It began with a chance find in a second-hand bookshop, a small soft-covered booklet of 64 pages, purchased for £3. ‘A Scottish Farmer’s Ride Through England: 100 years ago’ was printed in 1906, and the journey in question took place in April and May 1802.
As a travel diary it makes interesting reading in itself, in the form of Andrew Blaikie’s observations as he travelled from his home in Bowdon, Roxburghshire to London and back.
The contents of the book are described on The Journal page, where a scanned copy is available for download. The entire contents have also been transcribed in a series of blog posts and pages on this site.
In transcribing the full text I have made some alterations where I felt this was necessary. These mainly take the form of altering place names where the printed version was either a spelling variant no longer used, or where Mrs Lang seemed to have mis-transcribed a place name from her ancestor’s handwritten original; the most notable example is the mysterious ‘Baniel’, which is probably meant to be Barnet, based on its location and distance from London as Andrew Blaikie describes it.
I have also added some illustrations – the portrait above is the only one which appears in the original book.

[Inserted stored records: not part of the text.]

(* Let $n,p$ be positive integers, $X\in\mathbb{R}^{n\times p}$, $\mathbf y\in\mathbb{R}^n$ and $\delta>0$. For any $\mathbf s\in\{0,1\}^p$, the least squares estimate $\widehat{\boldsymbol\beta}_{[\mathbf s]}=(X_{[\mathbf s]}^\top X_{[\mathbf s]})^{-1}X_{[\mathbf s]}^\top\mathbf y$ exists (i.e. $X_{[\mathbf s]}^\top X_{[\mathbf s]}$ is invertible) if and only if $L_{\mathbf s}$ is invertible, and in that case \[ X_{[\mathbf s]}\widehat{\boldsymbol\beta}_{[\mathbf s]}=X_{\mathbf s}\widetilde{\boldsymbol\beta}_{\mathbf s}. \]
   Context: For a binary vector $\mathbf s\in\{0,1\}^p$, $|\mathbf s|=\sum_j s_j$ and $X_{[\mathbf s]}$ is the $n\times|\mathbf s|$ matrix obtained from $X$ by keeping only the columns $j$ with $s_j=1$. For $\mathbf t\in[0,1]^p$, $T_{\mathbf t}=\mathrm{Diag}(t_1,\dots,t_p)$, $X_{\mathbf t}=XT_{\mathbf t}$, $L_{\mathbf t}=\frac1n[X_{\mathbf t}^\top X_{\mathbf t}+\delta(I-T_{\mathbf t}^2)]$ with $I$ the $p\times p$ identity, and $\widetilde{\boldsymbol\beta}_{\mathbf t}:=L_{\mathbf t}^{+}\left(X_{\mathbf t}^\top\mathbf y/n\right)$ with $L_{\mathbf t}^+$ the Moore–Penrose pseudo-inverse. *)

theory Defs
  imports "Jordan_Normal_Form.Matrix" "Jordan_Normal_Form.DL_Submatrix"
begin

definition Tmat :: "real vec \<Rightarrow> real mat" where
  "Tmat t = mat (dim_vec t) (dim_vec t) (\<lambda>(i,j). if i = j then t $ i else 0)"

definition Xt :: "real mat \<Rightarrow> real vec \<Rightarrow> real mat" where
  "Xt X t = X * Tmat t"

definition Lmat :: "real mat \<Rightarrow> real \<Rightarrow> real vec \<Rightarrow> real mat" where
  "Lmat X \<delta> t = (1 / real (dim_row X)) \<cdot>\<^sub>m
     ((Xt X t)\<^sup>T * Xt X t + \<delta> \<cdot>\<^sub>m (1\<^sub>m (dim_vec t) - Tmat t * Tmat t))"

definition pinv :: "real mat \<Rightarrow> real mat" where
  "pinv A = (THE B. B \<in> carrier_mat (dim_col A) (dim_row A) \<and>
                    A * B * A = A \<and> B * A * B = B \<and>
                    (A * B)\<^sup>T = A * B \<and> (B * A)\<^sup>T = B * A)"

definition inv_mat :: "real mat \<Rightarrow> real mat" where
  "inv_mat A = (THE B. B \<in> carrier_mat (dim_row A) (dim_row A) \<and>
                       inverts_mat A B \<and> inverts_mat B A)"

definition beta_tilde :: "real mat \<Rightarrow> real vec \<Rightarrow> real \<Rightarrow> real vec \<Rightarrow> real vec" where
  "beta_tilde X y \<delta> t = pinv (Lmat X \<delta> t) *\<^sub>v
     ((1 / real (dim_row X)) \<cdot>\<^sub>v ((Xt X t)\<^sup>T *\<^sub>v y))"

definition Xsub :: "real mat \<Rightarrow> real vec \<Rightarrow> real mat" where
  "Xsub X s = submatrix X UNIV {j. j < dim_vec s \<and> s $ j = 1}"

definition beta_hat :: "real mat \<Rightarrow> real vec \<Rightarrow> real vec \<Rightarrow> real vec" where
  "beta_hat X y s = inv_mat ((Xsub X s)\<^sup>T * Xsub X s) *\<^sub>v ((Xsub X s)\<^sup>T *\<^sub>v y)"

end

theory Submission
  imports Defs "Jordan_Normal_Form.Determinant"
begin

(* Let E be the p x k matrix whose columns are the unit vectors e_j with s_j = 1. Then
   X_[s] = X E, T_s = T_s^2 = E E^T and X_s = X_[s] E^T, so that
     n L_s = E (X_[s]^T X_[s]) E^T + delta (I - E E^T).
   Since E^T E = I, the right-hand side is block diagonal diag(X_[s]^T X_[s], delta I) with respect
   to the splitting into ran E and its orthogonal complement. Hence it is invertible iff
   X_[s]^T X_[s] is, with inverse E (X_[s]^T X_[s])^-1 E^T + delta^-1 (I - E E^T); the
   pseudo-inverse of L_s is this inverse, and sandwiching it between X_s and X_s^T gives
   X_[s] (X_[s]^T X_[s])^-1 X_[s]^T. *)

text \<open>Variants of carrier-based library rules whose side conditions the simplifier can discharge.\<close>

lemma assoc_mult_mat_dim:
  "dim_col A = dim_row B \<Longrightarrow> dim_col B = dim_row C
   \<Longrightarrow> A * B * C = A * (B * (C :: 'a :: semiring_0 mat))"
  by (rule assoc_mult_mat[of A "dim_row A" "dim_col A" B "dim_col B" C "dim_col C"]) auto

lemma add_mult_distrib_mat_dim:
  "dim_row A = dim_row B \<Longrightarrow> dim_col A = dim_col B \<Longrightarrow> dim_col A = dim_row C
   \<Longrightarrow> (A + B) * C = A * C + B * (C :: 'a :: semiring_0 mat)"
  by (rule add_mult_distrib_mat[of A "dim_row A" "dim_col A" B C "dim_col C"]) auto

lemma mult_add_distrib_mat_dim:
  "dim_row B = dim_row C \<Longrightarrow> dim_col B = dim_col C \<Longrightarrow> dim_col A = dim_row B
   \<Longrightarrow> A * (B + C) = A * B + A * (C :: 'a :: semiring_0 mat)"
  by (rule mult_add_distrib_mat[of A "dim_row A" "dim_col A" B "dim_col B" C]) auto

lemma mult_smult_assoc_mat_dim:
  "dim_col A = dim_row B \<Longrightarrow> (c \<cdot>\<^sub>m A) * B = (c :: 'a :: comm_semiring_0) \<cdot>\<^sub>m (A * B)"
  by (rule mult_smult_assoc_mat[of A "dim_row A" "dim_col A" B "dim_col B"]) auto

lemma mult_smult_distrib_dim:
  "dim_col A = dim_row B \<Longrightarrow> A * (c \<cdot>\<^sub>m B) = (c :: 'a :: comm_semiring_0) \<cdot>\<^sub>m (A * B)"
  by (rule mult_smult_distrib[of A "dim_row A" "dim_col A" B "dim_col B"]) auto

lemma assoc_mult_mat_vec_dim:
  "dim_col A = dim_row B \<Longrightarrow> dim_vec v = dim_col B
   \<Longrightarrow> (A * B) *\<^sub>v v = A *\<^sub>v (B *\<^sub>v (v :: 'a :: semiring_0 vec))"
  by (rule assoc_mult_mat_vec[of A "dim_row A" "dim_col A" B "dim_col B"]) (auto intro: carrier_vecI)

lemma mult_mat_vec_smult_dim:
  "dim_vec v = dim_col A \<Longrightarrow> A *\<^sub>v (c \<cdot>\<^sub>v v) = (c :: 'a :: field) \<cdot>\<^sub>v (A *\<^sub>v v)"
  by (rule mult_mat_vec[of A "dim_row A" "dim_col A"]) (auto intro: carrier_vecI)

lemma minus_zero_mat [simp]: "(A :: 'a :: group_add mat) \<in> carrier_mat nr nc \<Longrightarrow> A - 0\<^sub>m nr nc = A"
  by (intro eq_matI) auto

lemma smult_smult_mat: "a \<cdot>\<^sub>m (b \<cdot>\<^sub>m A) = (a * b :: 'a :: semigroup_mult) \<cdot>\<^sub>m A"
  by (intro eq_matI) (auto simp: mult.assoc)

lemma smult_mat_mult_vec:
  "dim_vec v = dim_col A \<Longrightarrow> (c \<cdot>\<^sub>m A) *\<^sub>v v = (c :: 'a :: comm_semiring_0) \<cdot>\<^sub>v (A *\<^sub>v v)"
  by (intro eq_vecI) (auto simp: scalar_prod_def sum_distrib_left mult.assoc)

lemma one_smult_mat [simp]: "(1 :: 'a :: monoid_mult) \<cdot>\<^sub>m A = A"
  by (intro eq_matI) auto

lemma invertible_mat_iff_right_inverse:
  fixes A :: "'a :: field mat"
  assumes A: "A \<in> carrier_mat n n"
  shows "invertible_mat A \<longleftrightarrow> (\<exists>B \<in> carrier_mat n n. A * B = 1\<^sub>m n)"
proof
  assume "invertible_mat A"
  then obtain B where AB: "A * B = 1\<^sub>m n" and BA: "B * A = 1\<^sub>m (dim_row B)"
    using A unfolding invertible_mat_def inverts_mat_def by auto
  from AB have "dim_col B = n" by (metis index_mult_mat(3) index_one_mat(3))
  moreover from BA A have "dim_row B = n" by (metis index_mult_mat(3) index_one_mat(3) carrier_matD(2))
  ultimately show "\<exists>B \<in> carrier_mat n n. A * B = 1\<^sub>m n" using AB by blast
next
  assume "\<exists>B \<in> carrier_mat n n. A * B = 1\<^sub>m n"
  then obtain B where B: "B \<in> carrier_mat n n" and AB: "A * B = 1\<^sub>m n" by blast
  with mat_mult_left_right_inverse[OF A B AB] show "invertible_mat A"
    using A unfolding invertible_mat_def inverts_mat_def by auto
qed

lemma invertible_smult_mat_iff:
  fixes A :: "'a :: field mat"
  assumes A: "A \<in> carrier_mat n n" and c: "c \<noteq> 0"
  shows "invertible_mat (c \<cdot>\<^sub>m A) \<longleftrightarrow> invertible_mat A"
proof -
  have "(c \<cdot>\<^sub>m A) * B = A * (c \<cdot>\<^sub>m B)" if "B \<in> carrier_mat n n" for B
    using A that by (simp add: mult_smult_assoc_mat_dim mult_smult_distrib_dim)
  moreover have "c \<cdot>\<^sub>m ((1 / c) \<cdot>\<^sub>m B) = B" for B :: "'a mat"
    using c by (intro eq_matI) auto
  ultimately show ?thesis
    unfolding invertible_mat_iff_right_inverse[OF A]
      invertible_mat_iff_right_inverse[OF smult_carrier_mat[OF A]]
    by (metis smult_carrier_mat)
qed

lemma inv_mat_eqI:
  assumes A: "A \<in> carrier_mat n n" and B: "B \<in> carrier_mat n n" and AB: "A * B = 1\<^sub>m n"
  shows "inv_mat A = B"
  unfolding inv_mat_def
proof (rule the_equality)
  have "B * A = 1\<^sub>m n" by (rule mat_mult_left_right_inverse[OF A B AB])
  then show "B \<in> carrier_mat (dim_row A) (dim_row A) \<and> inverts_mat A B \<and> inverts_mat B A"
    using A B AB by (simp add: inverts_mat_def)
  fix C assume "C \<in> carrier_mat (dim_row A) (dim_row A) \<and> inverts_mat A C \<and> inverts_mat C A"
  then have C: "C \<in> carrier_mat n n" and CA: "C * A = 1\<^sub>m n"
    using A by (auto simp: inverts_mat_def)
  have "C = C * (A * B)" using C AB by simp
  also have "\<dots> = B" using A B C CA by (simp flip: assoc_mult_mat)
  finally show "C = B" .
qed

These are from a variety of sources, and are all somewhat later in date that 1802, but are, I hope, not inconsistent with the sights he would have seen.
Where possible, I have also linked the first mention of each place to an entry in the excellent Vision of Britain Through Time website, which provides background information, maps and statistics about each place. As the author of the entry for his home parish in the Statistical Accounts of Scotland, I am sure that Mr Blaikie would have approved!